Crítico de cinema e colunista de cultura de A Gazeta

Estúdios e redes de cinema em guerra. Seria o fim de uma era?

Em meio à pandemia da Covid-19, estúdios repensam distribuição e irritam exibidores

Publicado em 03/05/2020 às 06h00
Atualizado em 03/05/2020 às 06h00
"Trolls 2" . Crédito: Universal/Divulgação
"Trolls 2" . Crédito: Universal/Divulgação

Por incrível que pareça, a semana foi agitadíssima no paralisado mundo do cinema. Para explicar o que rolou, porém, tenho que fazer um pequeno flashback. Vem comigo que te explico no caminho.

Quando os cinemas dos EUA foram fechados devido à pandemia da covid-19, os estúdios ficaram sem ter o que fazer com os lançamentos que estavam agendados. Enquanto a maioria adiou seus principais lançamentos para o final do ano ou até mesmo para o ano que vem, a Universal pensou: “quer saber? Deixa eu testar uma parada aqui”.

A lendária (e conservadora) gigante lançou “Trolls 2” (“Trolls World Tour”) no esquema que chamam de VOD Premium, ou seja, conteúdo “premium”, lançamentos, sob demanda. O filme teve custo estimado de US$ 90 milhões para o estúdio, que, em três semanas, ganhou US$ 100 milhões em locações do filme via streaming. E não é como se ela tivesse liberado o filme baratinho, cada locação custava US$ 19,90, o que dá mais de R$ 100 pela cotação atual da moeda americana.

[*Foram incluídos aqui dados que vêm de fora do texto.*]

lemma sets_envy_free:
  assumes sU: "sets U = sets borel"
  shows "{u \<in> space (util_space U n m). envy_free n m u a} \<in> sets (util_space U n m)"
proof -
  let ?P = "util_space U n m"
  have "(\<lambda>u. \<Sum>j | j < m \<and> a j = i'. u (i, j)) \<in> borel_measurable ?P" if "i < n" for i i'
    using that measurable_cong_sets[OF refl sU] unfolding util_space_def
    by (intro borel_measurable_sum) (auto intro: measurable_component_singleton)
  then have "{u \<in> space ?P. \<forall>i\<in>{..<n}. \<forall>i'\<in>{..<n}.
      (\<Sum>j | j < m \<and> a j = i'. u (i, j)) \<le> (\<Sum>j | j < m \<and> a j = i. u (i, j))} \<in> sets ?P"
    by (intro sets.sets_Collect_finite_All borel_measurable_le) auto
  moreover have "{u \<in> space ?P. envy_free n m u a} = {u \<in> space ?P. \<forall>j<m. a j < n} \<inter>
      {u \<in> space ?P. \<forall>i\<in>{..<n}. \<forall>i'\<in>{..<n}.
      (\<Sum>j | j < m \<and> a j = i'. u (i, j)) \<le> (\<Sum>j | j < m \<and> a j = i. u (i, j))}"
    by (auto simp: envy_free_def)
  ultimately show ?thesis
    by simp
qed

lemma envy_free_restrict: "envy_free n m u (restrict a {..<m}) = envy_free n m u a"
proof -
  have "{j. j < m \<and> restrict a {..<m} j = i} = {j. j < m \<and> a j = i}" for i
    by auto
  then show ?thesis
    unfolding envy_free_def by simp
qed

lemma prob_no_envy_free_ge:
  fixes U :: "real measure"
  assumes U: "prob_space U" and sU: "sets U = sets borel"
    and bound: "\<And>a. measure (util_space U n m) {u \<in> space (util_space U n m). envy_free n m u a} \<le> p"
  shows "1 - real n ^ m * p
    \<le> measure (util_space U n m) {u \<in> space (util_space U n m). \<not> (\<exists>a. envy_free n m u a)}"
proof -
  let ?P = "util_space U n m"
  interpret prob_space ?P
    unfolding util_space_def by (simp add: U prob_space_PiM)
  define A where "A = {..<m} \<rightarrow>\<^sub>E {..<n}"
  define EF where "EF a = {u \<in> space ?P. envy_free n m u a}" for a
  have "(\<exists>a. envy_free n m u a) \<longleftrightarrow> (\<exists>a\<in>A. envy_free n m u a)" for u
  proof
    assume "\<exists>a. envy_free n m u a"
    then obtain a where "envy_free n m u a" ..
    moreover from this have "restrict a {..<m} \<in> A"
      by (auto simp: A_def envy_free_def)
    ultimately show "\<exists>a\<in>A. envy_free n m u a"
      by (metis envy_free_restrict)
  qed blast
  then have "{u \<in> space ?P. \<not> (\<exists>a. envy_free n m u a)} = space ?P - (\<Union>a\<in>A. EF a)"
    by (auto simp: EF_def)
  moreover have "prob (\<Union>a\<in>A. EF a) \<le> real n ^ m * p"
  proof -
    have "prob (\<Union>a\<in>A. EF a) \<le> (\<Sum>a\<in>A. prob (EF a))"
      unfolding EF_def using sets_envy_free[OF sU]
      by (intro finite_measure_subadditive_finite) (auto simp: A_def finite_PiE)
    also have "\<dots> \<le> (\<Sum>a\<in>A. p)"
      by (intro sum_mono) (simp add: EF_def bound)
    finally show ?thesis
      by (simp add: A_def card_PiE)
  qed
  moreover have "(\<Union>a\<in>A. EF a) \<in> events"
    unfolding EF_def using sets_envy_free[OF sU] by (intro sets.finite_UN) (auto simp: A_def finite_PiE)
  ultimately show ?thesis
    using prob_compl by simp
qed
text \<open>Choosing the remaining points e1' = e2 and e2' = eta_tilde (l i) in the inner
  minimisation; the deficit term vanishes exactly when l j is the average weight.\<close>
lemma Dinner_le_profile_minus:
  assumes l: "l \<in> probvec K" and j: "j \<in> {1..K}" "j \<noteq> i"
  shows "Dinner N A kappa K i e1 e2 l
     \<le> profile (l i) - (l j - (1 - l i) / (real K - 1)) * D e2 (eta_tilde (l i))"
proof -
  have li: "l i \<in> {0..1}" using probvec_nonneg[OF l] probvec_le_1[OF l] by auto
  have "Dinner N A kappa K i e1 e2 l
      \<le> l i * D e1 (eta_tilde (l i)) + l j * D e2 e2 + (1 - l i - l j) * D e2 (eta_tilde (l i))"
    by (rule Dinner_le[OF l i j e1 e2 e2 eta_tilde_in_N[OF li]])
  also have "\<dots> = profile (l i) - (l j - (1 - l i) / (real K - 1)) * D e2 (eta_tilde (l i))"
  proof -
    have p: "profile (l i)
        = l i * D e1 (eta_tilde (l i)) + (1 - l i) * off_weight * D e2 (eta_tilde (l i))"
      by (simp add: profile_def centroid_div_def eta_tilde_def)
    have "D e2 e2 = 0" by (simp add: relent_def)
    then show ?thesis unfolding p off_weight_eq by (simp add: algebra_simps)
  qed
  finally show ?thesis .
qed

lemma Dinner_le_profile:
  assumes l: "l \<in> probvec K"
  shows "Dinner N A kappa K i e1 e2 l \<le> profile (l i)"
proof -
  obtain j where "j \<in> {1..K} - {i}" and "(\<Sum>j\<in>{1..K}-{i}. l j) / card ({1..K}-{i}) \<le> l j"
    using exists_ge_average[OF _ others_nonempty] by blast
  then have j: "j \<in> {1..K}" "j \<noteq> i" and avg: "(1 - l i) / (real K - 1) \<le> l j"
    using average_others[OF l] by auto
  have "0 \<le> D e2 (eta_tilde (l i))"
    using relent_nonneg[OF e2 eta_tilde_in_N] probvec_nonneg[OF l] probvec_le_1[OF l] by auto
  then have "0 \<le> (l j - (1 - l i) / (real K - 1)) * D e2 (eta_tilde (l i))"
    using avg by simp
  then show ?thesis using Dinner_le_profile_minus[OF l j] by linarith
qed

Para efeito de comparação, o primeiro “Trolls” (2016) custou cerca de 30% a mair e gerou, também em três semanas, US$ 116 milhões em bilheterias - parte dessa grana, vale ressaltar, fica com os exibidores.

A Universal, obviamente, se empolgou. Logo em seguida lançou “O Homem Invisível”, que havia estreado há pouco tempo nos cinemas, e os inéditos “The Hunt”, “Emma” e “Never Rarely Sometimes Always” - o resultado não foi tão bom, US$ 60 milhões somados -, mas o estúdio entendeu haver um mercado e soltou um comunicado com algo tipo “quando os cinemas reabrirem, vamos lançar filmes tanto nas salas quanto no streaming”. É aqui que começa a briga.

Existe um acordo não-oficial sobre a janela entre lançamento do filme nos cinemas e sua disponibilização nos serviços de streaming ou de VOD. Esse acordo de cavalheiros diz que essa janela tem que ser de 90 dias, três meses. A afirmação da Universal de que pode lançar filmes simultaneamente em várias plataformas caiu como uma bomba no combalido mercado de exibidores - lembre-se que as salas estão todas fechadas e o prejuízo só se acumula.

A AMC, maior rede de cinemas do mundo, comprou a briga. Diante dos fatos, ela soltou um pronunciamento que foi mais ou menos assim: “Tá de sacanagem, né Universal? Se resolver lançar os filmes no streaming, também não exibiremos mais nenhum filme de vocês em nossas salas de EUA, Europa e Oriente Médio”. A ameaça, obviamente, não é exclusivamente direcionada à Universal, mas sim a todos os estúdios. Seguindo a gigante, a Cineworld, segunda maior rede de cinemas do mundo, fez a mesma ameaça. É um jogo de forças.

Claro que não será “Trolls”, lançado em uma situação atípica, ou “The King of Staten Island”, filme de Judd Apatow já confirmado para lançamento similar, que colocará pressão no mercado; se realmente quiser esticar a corda, a Universal precisa lançar no streaming os seus peso-pesados como as franquias “Velozes e Furiosos”, “Jurassic World” e “Minions”, mas isso ainda seria muito arriscado.

Vale lembrar que, nos últimos meses, o valor da Netflix ultrapassou o da Disney. Com base no fechamento mais recente, o valor de mercado da Netflix agora é de US$ 158 bilhões contra US$ 154,8 bilhões da Disney. Não é à toa que os estúdios estudam uma mudança na maneira de distribuir seus conteúdos.

Em mais uma lembrança, na última semana a Academia de Artes e Ciências Cinematográficas de Hollywood, responsável pelo Oscar, anunciou que pela primeira vez, devido às circunstâncias extraordinárias, irá considerar para a premiação filmes lançados diretamente em plataformas de streaming, ou seja, sem a necessidade de serem exibidos antes nos cinemas por um certo tempo. A medida por enquanto funcionará apenas este ano, mas pode ser um sinal dos novos tempos. A pandemia da covid-19 colocou gasolina na fogueira de uma guerra silenciosa, mas ainda não há sinal do poder destrutivo dessa labareda.